Home Categories contemporary fiction The Castle of the Soul - Understanding Franz Kafka

Chapter 32 Difficult Enlightenment - Dharma is a process

What exactly is the law?According to the priest's opinion, the law is something that cannot be talked about, and its dignity cannot be doubted.The gatekeeper is employed by the law, so his status is supreme, and he cannot be judged by the eyes of the world.As an ordinary person, K can only understand the law from a "human" perspective, that is, to connect the law with the secular court, and there is no other way.But this particular Dhamma is something beyond human comprehension, infinite, and it can only be "felt".During this long trial, whenever K understood the law with a worldly heart, he went to the opposite of the law, and because he could only have a worldly heart, K's crimes became deeper and deeper.Even so, K is by no means unaware of the law itself, he has, so his attitude has been undergoing that subtle change.In him the sense of the Dhamma developed simultaneously with the misunderstanding of the emotions.Fa constantly threatens to disarm him of all arms (identity, reputation, status), and finally does.His meeting with the priest was the full disclosure of the will of the law, the misunderstanding was eliminated, and the banner of the law was planted on the body that gave up life.

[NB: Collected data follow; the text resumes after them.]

(* Let $H\in\mathbb{C}^{2N\times2N}$ be Hermitian and let $\mathbb{K}$ be the kernel of $H_\ominus$. Then $\mathbb{K}$ is $J$-invariant, $\dim\mathbb{K}=2l$ is even, $\mathbb{K}$ admits an orthogonal basis $\mathbf{y}_1,\dots,\mathbf{y}_{2l}$ of nonzero vectors with $J(\mathbf{y}_k)=\mathbf{y}_k$ for all $k$, and $\mathbb{K}$ admits an orthonormal basis of the form $\{\mathbf{k}'_1,\dots,\mathbf{k}'_l,J(\mathbf{k}'_1),\dots,J(\mathbf{k}'_l)\}$. Consequently $\mathbb{C}^{2N}$ has an orthonormal basis of eigenvectors of $H_\ominus$ of the form $\{\mathbf{x}_1,\dots,\mathbf{x}_N,J(\mathbf{x}_1),\dots,J(\mathbf{x}_N)\}$ in which every $\mathbf{x}_j$ has eigenvalue $\le 0$.
   Context: $\Omega=\begin{pmatrix}0&I_N\\ I_N&0\end{pmatrix}\in\mathbb{C}^{2N\times2N}$. $J:\mathbb{C}^{2N}\to\mathbb{C}^{2N}$ is the antilinear map $J(\mathbf{x})=\Omega\mathbf{x}^*$ ($^*$ = entrywise complex conjugation). For a matrix $M$, $M_\ominus:=\tfrac12(M-\Omega M^{\mathrm T}\Omega)$. $\langle\mathbf{x},\mathbf{y}\rangle=\sum_k x_k^*y_k$. *)

theory Defs
  imports "HOL-Analysis.Analysis"
begin

text \<open>Index set of \<open>C^{2N}\<close>: the type \<open>'n + 'n\<close> with \<open>CARD('n) = N\<close>;
  coordinate \<open>Inl k\<close> is the k-th of the first N coordinates, \<open>Inr k\<close> the k-th of the last N.\<close>

fun swp :: "'n + 'n \<Rightarrow> 'n + 'n" where
  "swp (Inl a) = Inr a"
| "swp (Inr a) = Inl a"

text \<open>\<open>\<Omega> = [[0, I],[I, 0]]\<close>.\<close>
definition Omega :: "complex ^ ('n::finite + 'n) ^ ('n + 'n)" where
  "Omega = (\<chi> i j. if j = swp i then 1 else 0)"
lemma dual_taylor_decomposition:
  assumes "in_dual p \<eta>"
  shows "\<eta> (taylor p F b) = (\<Sum>\<alpha>\<in>midx p. taylor_deriv p F \<alpha> u a * dual_coord \<eta> \<alpha> a)
    + (\<Sum>\<alpha>\<in>midx p. whitney_delta p F \<alpha> u b * (norm (b - u) ^ (p - mdeg \<alpha>) * dual_coord \<eta> \<alpha> b))"
proof -
  have "\<eta> (taylor p F b) - \<eta> (taylor p F u)
      = (\<Sum>\<alpha>\<in>midx p. (F \<alpha> b - taylor_deriv p F \<alpha> u b) * dual_coord \<eta> \<alpha> b)"
    using dual_taylor_center[OF assms] dual_taylor[OF assms, of F u b]
    by (simp add: sum_subtractf left_diff_distrib)
  then show ?thesis
    using dual_taylor[OF assms, of F u a] by (simp add: taylor_deriv_remainder mult.assoc)
qed

lemma sum_dual_taylor_decomposition:
  assumes "\<forall>i\<in>I. in_dual p (\<eta> i)"
  shows "(\<Sum>i\<in>I. \<eta> i (taylor p F (b i)))
    = (\<Sum>\<alpha>\<in>midx p. taylor_deriv p F \<alpha> u a * (\<Sum>i\<in>I. dual_coord (\<eta> i) \<alpha> a))
      + (\<Sum>i\<in>I. \<Sum>\<alpha>\<in>midx p. whitney_delta p F \<alpha> u (b i)
          * (norm (b i - u) ^ (p - mdeg \<alpha>) * dual_coord (\<eta> i) \<alpha> (b i)))"
  using assms
  by (simp add: dual_taylor_decomposition[where u = u and a = a] sum.distrib sum_distrib_left
      sum.swap[of _ I])

theorem lemma4p8:
  fixes U X :: "(real^'n::finite) set"
    and p k :: nat
    and as :: "nat \<Rightarrow> nat \<Rightarrow> real^'n"
    and \<xi>s :: "nat \<Rightarrow> nat \<Rightarrow> (real^'n \<Rightarrow> real) \<Rightarrow> real"
    and a :: "real^'n" and \<xi> :: "(real^'n \<Rightarrow> real) \<Rightarrow> real" and c :: real
    and F :: "('n \<Rightarrow> nat) \<Rightarrow> real^'n \<Rightarrow> real"
  assumes "open U" and "X \<subseteq> U" and "closedin (top_of_set U) X"
    and "k \<ge> 1"
    and "\<forall>i\<le>k. \<forall>j. as i j \<in> X"
    and "\<forall>i\<le>k. \<forall>j. in_dual p (\<xi>s i j)"
    and "in_dual p \<xi>"
    and "a \<in> X"
    and "\<forall>i\<le>k. (\<lambda>j. as i j) \<longlonglongrightarrow> a"
    and "dual_tendsto p (\<lambda>j P. \<Sum>i\<le>k. \<xi>s i j P) \<xi>"
    and "\<forall>i\<le>k. \<forall>j. \<forall>\<alpha>\<in>midx p.
           norm (as i j - as 0 j) ^ (p - mdeg \<alpha>) * \<bar>dual_coord (\<xi>s i j) \<alpha> (as i j)\<bar> \<le> c"
    and "whitney_field p X F"
  shows "(\<lambda>j. \<Sum>i\<le>k. \<xi>s i j (taylor p F (as i j))) \<longlonglongrightarrow> \<xi> (taylor p F a)"
proof -
  have principal: "(\<lambda>j. \<Sum>\<alpha>\<in>midx p.
      taylor_deriv p F \<alpha> (as 0 j) a * (\<Sum>i\<le>k. dual_coord (\<xi>s i j) \<alpha> a)) \<longlonglongrightarrow> (\<Sum>\<alpha>\<in>midx p. F \<alpha> a * dual_coord \<xi> \<alpha> a)"
    using dual_tendsto_dual_coord[OF assms(10)] assms(5,8,9,12)
    by (intro tendsto_sum tendsto_mult taylor_deriv_tendsto[where X = X])
      (auto simp: dual_coord_def)
  have remainder: "(\<lambda>j. \<Sum>i\<le>k. \<Sum>\<alpha>\<in>midx p. whitney_delta p F \<alpha> (as 0 j) (as i j)
      * (norm (as i j - as 0 j) ^ (p - mdeg \<alpha>) * dual_coord (\<xi>s i j) \<alpha> (as i j))) \<longlonglongrightarrow> 0"
    using assms(5,8,9,11,12)
    by (intro tendsto_null_sum whitney_remainder_tendsto_zero[where X = X and c = c]) auto
  have "(\<Sum>i\<le>k. \<xi>s i j (taylor p F (as i j)))
      = (\<Sum>\<alpha>\<in>midx p. taylor_deriv p F \<alpha> (as 0 j) a * (\<Sum>i\<le>k. dual_coord (\<xi>s i j) \<alpha> a))
        + (\<Sum>i\<le>k. \<Sum>\<alpha>\<in>midx p. whitney_delta p F \<alpha> (as 0 j) (as i j)
            * (norm (as i j - as 0 j) ^ (p - mdeg \<alpha>) * dual_coord (\<xi>s i j) \<alpha> (as i j)))" for j
    using assms(6) by (intro sum_dual_taylor_decomposition) auto
  with tendsto_add[OF principal remainder] show ?thesis
    by (simp add: dual_taylor_center[OF assms(7)])
qed
(* Let $I$ be a conditional indicator w.r.t. $\mathcal{H}$ which is increasing and regular, and define for $X\in\mathbb{L}^0(\overline{\mathbb{R}},\mathcal{F})$ $$I^L(X)=\operatorname{ess\,sup}_{\mathcal{H}}\{I(Y):Y\in\mathbb{D}_I,\ Y\le X\},\qquad I^U(X)=\operatorname{ess\,inf}_{\mathcal{H}}\{I(Y):Y\in\mathbb{D}_I,\ Y\ge X\}.$$ Then $I^L$ and $I^U$ are regular.
   Context: Let $(\Omega,\mathcal{F},\mathbb{P})$ be a probability space with $\mathcal{F}$ complete, and $\mathcal{H}\subseteq\mathcal{F}$ a complete sub-$\sigma$-algebra. $\overline{\mathbb{R}}=\mathbb{R}\cup\{\pm\infty\}$ with conventions $r\pm\infty=\pm\infty$, $\infty-\infty=0$, $\infty+\infty=\infty$, $0\times(\pm\infty)=0$; $\mathbb{L}^0(G,\mathcal{G})$ is the set of $\mathcal{G}$-measurable random variables a.s. valued in $G$. For a family $\Gamma$ of random variables, $\operatorname{ess\,sup}_{\mathcal{H}}\Gamma$ is the smallest (a.s.) $\mathcal{H}$-measurable random variable dominating every element of $\Gamma$ a.s., and $\operatorname{ess\,inf}_{\mathcal{H}}\Gamma=-\operatorname{ess\,sup}_{\mathcal{H}}(-\Gamma)$ (with single-variable versions $\operatorname{ess\,sup}_{\mathcal{H}}(X)=\operatorname{ess\,sup}_{\mathcal{H}}\{X\}$). A conditional indicator w.r.t. $\mathcal{H}$ is a map $I:\mathbb{D}_I\to\mathbb{L}^0(\overline{\mathbb{R}},\mathcal{H})$, $0\in\mathbb{D}_I\subseteq\mathbb{L}^0(\overline{\mathbb{R}},\mathcal{F})$, with $I(X)\in[\operatorname{ess\,inf}_{\mathcal{H}}(X),\operatorname{ess\,sup}_{\mathcal{H}}(X)]$ a.s. and $\mathbb{D}_I+\mathbb{L}^0(\overline{\mathbb{R}},\mathcal{H})\subseteq\mathbb{D}_I$. Increasing: $X\le Y\Rightarrow I(X)\le I(Y)$. A set is $\mathcal{H}$-decomposable if $X1_H+Y1_{\Omega\setminus H}$ belongs to it whenever $X,Y$ do and $H\in\mathcal{H}$. A map $J$ defined on a domain $\mathbb{D}_J$ is regular if $\mathbb{D}_J$ is $\mathcal{H}$-decomposable and for $X,Y\in\mathbb{D}_J$, $H\in\mathcal{H}$, $X1_H=Y1_H$ implies $J(X)1_H=J(Y)1_H$. *)

theory Defs
  imports "HOL-Probability.Probability"
begin

text \<open>Random variables are functions \<open>'a \<Rightarrow> ereal\<close>; elements of L0 are identified
  up to almost sure equality, so all (in)equalities between random variables are
  understood almost surely w.r.t. the probability measure M. The sub-sigma-algebra
  H is represented by a measure N with the same space (subalgebra M N).\<close>

text \<open>Addition with the paper's convention infinity minus infinity = 0.\<close>
definition eadd :: "ereal \<Rightarrow> ereal \<Rightarrow> ereal" where
  "eadd a b = (if (a = \<infinity> \<and> b = -\<infinity>) \<or> (a = -\<infinity> \<and> b = \<infinity>) then 0 else a + b)"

The countryman is of course free. He is an insatiable fellow, and he secretly had the idea of ​​entering the gate of the law, so he embraced this delusion and found the gate of the law, and he has been sitting there ever since.In the process of waiting and pleading, suffering in pain, and in the coldness of the gatekeeper, he gradually realized the existence of the Fa.Likewise, K. was a prisoner of the same freedom the morning of his arrest.Since he has unconsciously and freely chosen the Dharma, the Dharma has also chosen him.So he had to gradually abandon everything in the world. During this period, he could do almost whatever he wanted, no matter what he did, it didn't matter in the end.He became free, bad, mean; in short, he changed from a gentleman to a sneaky villain.He only needs to be responsible for one thing, and that is the law.But the law is always hidden in the depths, and his attitude is ambiguous. He suffers from it, worries about it, and for this reason, he further abandons the value of the world invisibly.But the Dharma still doesn't show up, what it wants is a complete refuge. The only difference between K and the countryman is that K is a person in the world, while the countryman is a person in fables.The countryman in the fable is extremely devout to the law and waits wholeheartedly. In the secular world, K’s attitude towards the law is a kind of submission of resistance, that is, to resist subjectively, and the objective effect achieved is submission.He walked half-heartedly and stumbled on the path leading to the Fa.The end is the same, the process is very different.

According to the gatekeeper's understanding, what is law?The gatekeeper has never seen the Dharma, he is also secretly employed by the Dharma, and the day he guards the gate to prevent the countrymen from entering is the day he begins to experience the Dharma.The more the country people suffered and the more miserable their begging, the more genuinely the gatekeeper felt about the Fa.If it is said that he himself cannot prove the existence of the Fa, then the unchanging fanaticism of the country people, the determination to seek death, and his ruthless rejection of sticking to principles are the best proof in itself.So the law cannot be doubted.The job of the gatekeeper is to torment the countryman, while at the same time allowing him to have a small hope, so as to experience the law, defend the law, and let the law's lust be displayed through the countryman.Perhaps for him, the country comes first after the law, but that is just a belief.It can also be said that only with the country people can the law exist, the gatekeepers can be qualified as guards, and the process of law can only begin.The doorman said at the end of the process that he was going to close the door, and that was just to illustrate his profession.The door of law will disappear with the death of the countryman.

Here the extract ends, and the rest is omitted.